Beyond the open windows, the brown, listless Rappahannock River flows against a hazy sky. Water beads on our glasses. To move is to sweat. We wait at the table, polished to a gloss and topped with cloth placemats and napkins, porcelain plates, and sterling silver forks and knives inscribed with a gothic P, for Pettigrew, my grandfather’s surname. We’ve eaten roast chicken, butter beans, and the potato rolls I watched rise in a pan this morning beside the stove.
The gray door to the kitchen swings open, and Carrie appears, her hands full of blue plates. She sets one down in front of my grandmother, a second in front of my grandfather, then strides regally around the table, pauses, and lowers a third onto my placemat. Each plate holds a small triangle of crust filled with bright yellow custard flecked with bits of ruby fruit. I pick up my fork and spear a mouthful.
When I tuck into Carrie’s rhubarb pie now, 40 years later, I notice its sudden tartness masquerading as sweet. In parts of the United Kingdom, the first rhubarb of the year is harvested by candlelight in dark sheds. The practice supposedly produces a sweeter, more tender stalk, but isn’t it also a nod to the occult nature of the plant, whose sour leaves harbor poison? There’s a sorcery to this fruit, which blooms early in the spring and late in fall, preferring frost to sun, needing winter’s whisper to flourish. This fruit that is really a vegetable, an impostor, a straddler of worlds.
In my baby book, a photograph taken in 1956 shows me at seven months in Carrie’s arms, on what must have been the first of my family’s annual summer visits to Virginia. With my square face, I could be a boy if not for my striped dress, its hem resting on Carrie’s arm. A stout woman in her 30s, she wears a short-sleeved cotton dress, buttoned high, and a white apron trimmed in eyelet lace. Something—kitchen grease?—has spattered its front. She stares at the camera without smiling. Because the flash has caught her glasses, you can’t see her eyes, just two small explosions of light.

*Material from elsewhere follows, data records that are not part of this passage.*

(* Let $(Z, S(1), S(0), Y(1), Y(0), \mathbf{X})$ be random variables with $Z\in\{0,1\}$, $S(z)\in\{0,1\}$, $Y(z)$ real-valued, $\mathbf{X}$ a covariate vector, observed $S=S(Z)$, $Y=Y(Z)$, and assume Randomization: $Z \perp\!\!\!\perp \{S(1),S(0),Y(1),Y(0),\mathbf{X}\}$. Assume Monotonicity, i.e. $S(1)\ge S(0)$ almost surely. Suppose there are constants $\varepsilon_1,\varepsilon_0$ (not depending on $\mathbf{X}$) such that $$\varepsilon_1 = \frac{E\{Y(1)\mid U=s\bar{s},\mathbf{X}\}}{E\{Y(1)\mid U=ss,\mathbf{X}\}},\qquad \varepsilon_0 = \frac{E\{Y(0)\mid U=s\bar{s},\mathbf{X}\}}{E\{Y(0)\mid U=\bar{s}\bar{s},\mathbf{X}\}}.$$ Then $$ACE_{s\bar{s}} = E\{w^{\varepsilon_1}_{1,s\bar{s}}(\mathbf{X})Y\mid Z=1,S=1\} - E\{w^{\varepsilon_0}_{0,s\bar{s}}(\mathbf{X})Y\mid Z=0,S=0\},$$ $$ACE_{\bar{s}\bar{s}} = E(Y\mid Z=1,S=0) - E\{w^{\varepsilon_0}_{0,\bar{s}\bar{s}}(\mathbf{X})Y\mid Z=0,S=0\},$$ $$ACE_{ss} = E\{w^{\varepsilon_1}_{1,ss}(\mathbf{X})Y\mid Z=1,S=1\} - E(Y\mid Z=0,S=1),$$ where $w^{\varepsilon_1}_{1,s\bar{s}}(\mathbf{X}) = \frac{\varepsilon_1 e_{s\bar{s}}(\mathbf{X})}{\varepsilon_1 e_{s\bar{s}}(\mathbf{X})+e_{ss}(\mathbf{X})}\Big/\frac{\pi_{s\bar{s}}}{\pi_{s\bar{s}}+\pi_{ss}}$, $w^{\varepsilon_0}_{0,s\bar{s}}(\mathbf{X}) = \frac{\varepsilon_0 e_{s\bar{s}}(\mathbf{X})}{\varepsilon_0 e_{s\bar{s}}(\mathbf{X})+e_{\bar{s}\bar{s}}(\mathbf{X})}\Big/\frac{\pi_{s\bar{s}}}{\pi_{s\bar{s}}+\pi_{\bar{s}\bar{s}}}$, $w^{\varepsilon_0}_{0,\bar{s}\bar{s}}(\mathbf{X}) = \frac{e_{\bar{s}\bar{s}}(\mathbf{X})}{\varepsilon_0 e_{s\bar{s}}(\mathbf{X})+e_{\bar{s}\bar{s}}(\mathbf{X})}\Big/\frac{\pi_{\bar{s}\bar{s}}}{\pi_{s\bar{s}}+\pi_{\bar{s}\bar{s}}}$, $w^{\varepsilon_1}_{1,ss}(\mathbf{X}) = \frac{e_{ss}(\mathbf{X})}{\varepsilon_1 e_{s\bar{s}}(\mathbf{X})+e_{ss}(\mathbf{X})}\Big/\frac{\pi_{ss}}{\pi_{s\bar{s}}+\pi_{ss}}$.
   Context: The principal stratum is $U=(S(1),S(0))$, whose values $(1,1),(1,0),(0,1),(0,0)$ are labelled $ss, s\bar{s}, \bar{s}s, \bar{s}\bar{s}$. Principal scores: $e_u(\mathbf{X}) = \Pr(U=u\mid \mathbf{X})$; proportions $\pi_u=\Pr(U=u)$. Principal causal effects: $ACE_u = E\{Y(1)-Y(0)\mid U=u\}$. All expectations are assumed to exist and all conditioning events and denominators to be positive. *)

theory Defs
  imports "HOL-Probability.Probability"
begin

text \<open>Treatment Z and intermediate potential
outcomes S(1), S(0) are Boolean (True = 1, False = 0); Y(1), Y(0) are real;
the covariate X takes values in an arbitrary measurable space N.\<close>

definition obsS :: "('a \<Rightarrow> bool) \<Rightarrow> ('a \<Rightarrow> bool) \<Rightarrow> ('a \<Rightarrow> bool) \<Rightarrow> 'a \<Rightarrow> bool" where
  "obsS Z S1 S0 \<omega> = (if Z \<omega> then S1 \<omega> else S0 \<omega>)"

definition obsY :: "('a \<Rightarrow> bool) \<Rightarrow> ('a \<Rightarrow> real) \<Rightarrow> ('a \<Rightarrow> real) \<Rightarrow> 'a \<Rightarrow> real" where
  "obsY Z Y1 Y0 \<omega> = (if Z \<omega> then Y1 \<omega> else Y0 \<omega>)"

definition stratum :: "'a measure \<Rightarrow> ('a \<Rightarrow> bool) \<Rightarrow> ('a \<Rightarrow> bool) \<Rightarrow> bool \<Rightarrow> bool \<Rightarrow> 'a set" where
  "stratum M S1 S0 a b = {\<omega> \<in> space M. S1 \<omega> = a \<and> S0 \<omega> = b}"

definition cexp_ev :: "'a measure \<Rightarrow> ('a \<Rightarrow> real) \<Rightarrow> 'a set \<Rightarrow> real" where
  "cexp_ev M Y A = (\<integral>\<omega>. Y \<omega> * indicator A \<omega> \<partial>M) / measure M A"

definition sigX :: "'a measure \<Rightarrow> 'x measure \<Rightarrow> ('a \<Rightarrow> 'x) \<Rightarrow> 'a measure" where
  "sigX M N X = vimage_algebra (space M) X N"

definition pscore :: "'a measure \<Rightarrow> 'x measure \<Rightarrow> ('a \<Rightarrow> 'x) \<Rightarrow> 'a set \<Rightarrow> 'a \<Rightarrow> real" where
  "pscore M N X A = real_cond_exp M (sigX M N X) (indicator A)"

definition condE :: "'a measure \<Rightarrow> 'x measure \<Rightarrow> ('a \<Rightarrow> 'x) \<Rightarrow> ('a \<Rightarrow> real) \<Rightarrow> 'a set \<Rightarrow> 'a \<Rightarrow> real" where
  "condE M N X Y A \<omega> =
     real_cond_exp M (sigX M N X) (\<lambda>\<omega>. Y \<omega> * indicator A \<omega>) \<omega> / pscore M N X A \<omega>"


definition escore :: "'a measure \<Rightarrow> 'x measure \<Rightarrow> ('a \<Rightarrow> 'x) \<Rightarrow> ('a \<Rightarrow> bool) \<Rightarrow> ('a \<Rightarrow> bool) \<Rightarrow> bool \<Rightarrow> bool \<Rightarrow> 'a \<Rightarrow> real" where
  "escore M N X S1 S0 a b = pscore M N X (stratum M S1 S0 a b)"

definition sprop :: "'a measure \<Rightarrow> ('a \<Rightarrow> bool) \<Rightarrow> ('a \<Rightarrow> bool) \<Rightarrow> bool \<Rightarrow> bool \<Rightarrow> real" where
  "sprop M S1 S0 a b = measure M (stratum M S1 S0 a b)"

text \<open>The four weights of the proposition (ss = (T,T), s sbar = (T,F), sbar sbar = (F,F)).\<close>
definition w1_ssbar where
  "w1_ssbar M N X S1 S0 (\<epsilon>1::real) \<omega> =
     (\<epsilon>1 * escore M N X S1 S0 True False \<omega> /
        (\<epsilon>1 * escore M N X S1 S0 True False \<omega> + escore M N X S1 S0 True True \<omega>))
     / (sprop M S1 S0 True False / (sprop M S1 S0 True False + sprop M S1 S0 True True))"

definition w0_ssbar where
  "w0_ssbar M N X S1 S0 (\<epsilon>0::real) \<omega> =
     (\<epsilon>0 * escore M N X S1 S0 True False \<omega> /
        (\<epsilon>0 * escore M N X S1 S0 True False \<omega> + escore M N X S1 S0 False False \<omega>))
     / (sprop M S1 S0 True False / (sprop M S1 S0 True False + sprop M S1 S0 False False))"

definition w0_sbarsbar where
  "w0_sbarsbar M N X S1 S0 (\<epsilon>0::real) \<omega> =
     (escore M N X S1 S0 False False \<omega> /
        (\<epsilon>0 * escore M N X S1 S0 True False \<omega> + escore M N X S1 S0 False False \<omega>))
     / (sprop M S1 S0 False False / (sprop M S1 S0 True False + sprop M S1 S0 False False))"

definition w1_ss where
  "w1_ss M N X S1 S0 (\<epsilon>1::real) \<omega> =
     (escore M N X S1 S0 True True \<omega> /
        (\<epsilon>1 * escore M N X S1 S0 True False \<omega> + escore M N X S1 S0 True True \<omega>))
     / (sprop M S1 S0 True True / (sprop M S1 S0 True False + sprop M S1 S0 True True))"

end

theory Submission
  imports Defs
begin

text \<open>Randomization makes the treatment arm independent of the potential outcomes and
covariates, so an observed mean in the arm Z = z with S = s equals the corresponding potential
mean over the event S(z) = s.  Under monotonicity S(1) = 0 is the stratum sbar sbar and
S(0) = 1 the stratum ss, up to null sets; S(1) = 1 is the mixture of ss and s sbar, and S(0) = 0
that of s sbar and sbar sbar.  Given X, the sensitivity parameter fixes the ratio of the two
stratum means in a mixture, so the conditional mean of Y 1_{A \<union> B} given X splits into the
shares \<epsilon> e_A / (\<epsilon> e_A + e_B) and e_B / (\<epsilon> e_A + e_B); integrating against the principal
score weight therefore recovers the mean over a single stratum.\<close>

lemma cexp_ev_cong:
  assumes "\<And>\<omega>. \<omega> \<in> A \<Longrightarrow> f \<omega> = g \<omega>"
  shows "cexp_ev M f A = cexp_ev M g A"
proof -
  have "(\<lambda>\<omega>. f \<omega> * indicator A \<omega>) = (\<lambda>\<omega>. g \<omega> * indicator A \<omega>)"
    using assms by (auto simp: fun_eq_iff indicator_def)
  then show ?thesis unfolding cexp_ev_def by simp
qed

lemma cexp_ev_cong_AE_set:
  assumes "AE \<omega> in M. \<omega> \<in> A \<longleftrightarrow> \<omega> \<in> B" "A \<in> sets M" "B \<in> sets M"
    and "f \<in> borel_measurable M"
  shows "cexp_ev M f A = cexp_ev M f B"
proof -
  have "(\<integral>\<omega>. f \<omega> * indicator A \<omega> \<partial>M) = (\<integral>\<omega>. f \<omega> * indicator B \<omega> \<partial>M)"
    using assms(1) by (intro integral_cong_AE) (use assms in \<open>auto simp: indicator_def\<close>)
  then show ?thesis unfolding cexp_ev_def using measure_eq_AE[OF assms(1-3)] by simp
qed

lemma cexp_ev_diff:
  assumes "integrable M (\<lambda>\<omega>. f \<omega> * indicator A \<omega>)" "integrable M (\<lambda>\<omega>. g \<omega> * indicator A \<omega>)"
  shows "cexp_ev M (\<lambda>\<omega>. f \<omega> - g \<omega>) A = cexp_ev M f A - cexp_ev M g A"
proof -
  have "(\<lambda>\<omega>. (f \<omega> - g \<omega>) * indicator A \<omega>) = (\<lambda>\<omega>. f \<omega> * indicator A \<omega> - g \<omega> * indicator A \<omega>)"
    by (simp add: fun_eq_iff algebra_simps)
  then show ?thesis
    unfolding cexp_ev_def using assms by (simp add: diff_divide_distrib)
qed

lemma odds_weight_split:
  fixes \<epsilon> eA eB mA mB :: real
  assumes \<epsilon>: "\<epsilon> = (mA / eA) / (mB / eB)"
    and nz: "eA \<noteq> 0" "mB / eB \<noteq> 0" "\<epsilon> * eA + eB \<noteq> 0"
  shows "\<epsilon> * eA / (\<epsilon> * eA + eB) * (mA + mB) = mA"
    and "eB / (\<epsilon> * eA + eB) * (mA + mB) = mB"
proof -
  have "mB \<noteq> 0" "eB \<noteq> 0" using nz(2) by auto
  then have "mA + mB = (\<epsilon> * eA + eB) * (mB / eB)" and "\<epsilon> * eA * (mB / eB) = mA"
    using \<epsilon> nz(1) by (simp_all add: field_simps)
  then show "\<epsilon> * eA / (\<epsilon> * eA + eB) * (mA + mB) = mA"
    and "eB / (\<epsilon> * eA + eB) * (mA + mB) = mB"
    using nz(3) \<open>eB \<noteq> 0\<close> by simp_all
qed

lemma (in prob_space) indep_var_if_indep_set:
  assumes ind: "indep_set A B"
    and rv: "random_variable MX X" "random_variable MY Y"
    and XA: "\<And>C. C \<in> sets MX \<Longrightarrow> X -` C \<inter> space M \<in> A"
    and YB: "\<And>C. C \<in> sets MY \<Longrightarrow> Y -` C \<inter> space M \<in> B"
  shows "indep_var MX X MY Y"
  unfolding indep_var_def indep_vars_def2
proof (intro conjI ballI)
  fix i :: bool
  show "random_variable (case_bool MX MY i) (case_bool X Y i)"
    using rv by (cases i) simp_all
next
  show "indep_sets (\<lambda>i. {case_bool X Y i -` C \<inter> space M |C. C \<in> sets (case_bool MX MY i)}) UNIV"
    using ind unfolding indep_set_def
  proof (rule indep_sets_mono_sets)
    fix i :: bool
    show "{case_bool X Y i -` C \<inter> space M |C. C \<in> sets (case_bool MX MY i)} \<subseteq> case_bool A B i"
      using XA YB by (cases i) auto
  qed
qed

lemma (in prob_space) indep_var_indicator_integral:
  fixes f :: "'a \<Rightarrow> real"
  assumes iv: "indep_var borel (indicator E :: 'a \<Rightarrow> real) borel f"
    and [measurable]: "E \<in> events"
    and int: "integrable M (\<lambda>\<omega>. f \<omega> * indicator E \<omega>)" and pos: "prob E > 0"
  shows "integrable M f" "(\<integral>\<omega>. f \<omega> * indicator E \<omega> \<partial>M) = prob E * (\<integral>\<omega>. f \<omega> \<partial>M)"
proof -
  have [measurable]: "f \<in> borel_measurable M" using indep_var_rv2[OF iv] by simp
  have "indep_var borel ((\<lambda>x. ennreal x) \<circ> (indicator E :: 'a \<Rightarrow> real)) borel ((\<lambda>x. ennreal \<bar>x\<bar>) \<circ> f)"
    by (rule indep_var_compose[OF iv]) auto
  moreover have "(\<lambda>_::bool. borel :: ennreal measure) = case_bool borel borel"
    by (rule ext) (simp split: bool.split)
  ultimately have "indep_vars (\<lambda>_. borel)
      (case_bool ((\<lambda>x. ennreal x) \<circ> (indicator E :: 'a \<Rightarrow> real)) ((\<lambda>x. ennreal \<bar>x\<bar>) \<circ> f)) UNIV"
    unfolding indep_var_def by simp
  from indep_vars_nn_integral[OF _ this]
  have "(\<integral>\<^sup>+\<omega>. ennreal (indicator E \<omega>) * ennreal \<bar>f \<omega>\<bar> \<partial>M)
      = (\<integral>\<^sup>+\<omega>. ennreal (indicator E \<omega>) \<partial>M) * (\<integral>\<^sup>+\<omega>. ennreal \<bar>f \<omega>\<bar> \<partial>M)"
    by (simp add: UNIV_bool mult.commute comp_def)
  moreover have "(\<integral>\<^sup>+\<omega>. ennreal (indicator E \<omega>) * ennreal \<bar>f \<omega>\<bar> \<partial>M)
      = (\<integral>\<^sup>+\<omega>. ennreal (norm (f \<omega> * indicator E \<omega>)) \<partial>M)"
    by (intro nn_integral_cong) (auto simp: indicator_def)
  moreover have "(\<integral>\<^sup>+\<omega>. ennreal (indicator E \<omega>) \<partial>M) = ennreal (prob E)"
    by (simp add: ennreal_indicator emeasure_eq_measure)
  ultimately have "ennreal (prob E) * (\<integral>\<^sup>+\<omega>. ennreal \<bar>f \<omega>\<bar> \<partial>M) < \<infinity>"
    using int by (simp add: integrable_iff_bounded)
  then have "(\<integral>\<^sup>+\<omega>. ennreal \<bar>f \<omega>\<bar> \<partial>M) < \<infinity>"
    using pos by (auto simp: ennreal_mult_less_top)
  then show intf: "integrable M f" by (intro integrableI_bounded) auto
  have "(\<integral>\<omega>. indicator E \<omega> * f \<omega> \<partial>M) = (\<integral>\<omega>. indicator E \<omega> \<partial>M) * (\<integral>\<omega>. f \<omega> \<partial>M)"
    by (rule indep_var_lebesgue_integral[OF iv _ intf]) (simp add: integrable_indicator_iff emeasure_eq_measure)
  then show "(\<integral>\<omega>. f \<omega> * indicator E \<omega> \<partial>M) = prob E * (\<integral>\<omega>. f \<omega> \<partial>M)"
    by (simp add: mult.commute)
qed

context sigma_finite_subalgebra
begin

lemma integral_mult_cond_exp_weight:
  fixes h f g :: "'a \<Rightarrow> real"
  assumes [measurable]: "h \<in> borel_measurable F" "f \<in> borel_measurable M"
    and "integrable M (\<lambda>\<omega>. h \<omega> * f \<omega>)" "integrable M g"
    and "AE \<omega> in M. h \<omega> * real_cond_exp M F f \<omega> = c * real_cond_exp M F g \<omega>"
  shows "(\<integral>\<omega>. h \<omega> * f \<omega> \<partial>M) = c * (\<integral>\<omega>. g \<omega> \<partial>M)"
proof -
  have "(\<integral>\<omega>. h \<omega> * f \<omega> \<partial>M) = (\<integral>\<omega>. h \<omega> * real_cond_exp M F f \<omega> \<partial>M)"
    using real_cond_exp_intg(2)[OF assms(3)] by simp
  also have "\<dots> = (\<integral>\<omega>. c * real_cond_exp M F g \<omega> \<partial>M)"
    using assms(5) by (intro integral_cong_AE) (auto intro: measurable_from_subalg[OF subalg])
  also have "\<dots> = c * (\<integral>\<omega>. g \<omega> \<partial>M)"
    using real_cond_exp_int(2)[OF assms(4)] by simp
  finally show ?thesis .
qed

Both my grandmother and Carrie loved to tell the story of how, when Carrie was a teenager growing up on the far side of the Rappahannock, she saw a house being built on the opposite shore. As Carrie watched the skeletal structure become a two-story colonial with a long back yard sloping down to the river, and later saw lights glowing inside the house, she wondered who would live there. The answer, of course, was my grandparents—Carrie always grinned at this revelation—and eventually Carrie herself, as their housekeeper and cook.
This was just after the Second World War. My grandparents, having decided to retire near friends in Essex County, Virginia, bought adjoining lots for a house and vegetable garden, as well as farmland across the road for cattle and pigs. They filled their new home with Oriental rugs, mahogany furniture, and watercolor landscapes. On the floor beneath the dining room table, near my grandmother’s seat, my grandfather installed a small buzzer that, when pressed, summoned Carrie from the kitchen.
“Ma’am?”
“You may clear the plates now and bring dessert, Carrie.”
“Yes, ma’am.”
Carrie lived over the garage, halfway up the back staircase in a narrow room with rose-patterned wallpaper, a linoleum floor, a dresser, and a single bed. The room had an attached bath, a TV set, and an air conditioner wedged into a window overlooking the driveway. I don’t remember ever being invited inside. What I knew of its secrets came from glimpses filched on my way up and down the stairs to the kitchen. I found it dizzying to behold this small and forbidden space, to think of Carrie as someone who in her free time watched television, fussed with her hair, smoked (I’d seen her with a cigarette on the back porch), talked on the phone, harbored plans that did not include us.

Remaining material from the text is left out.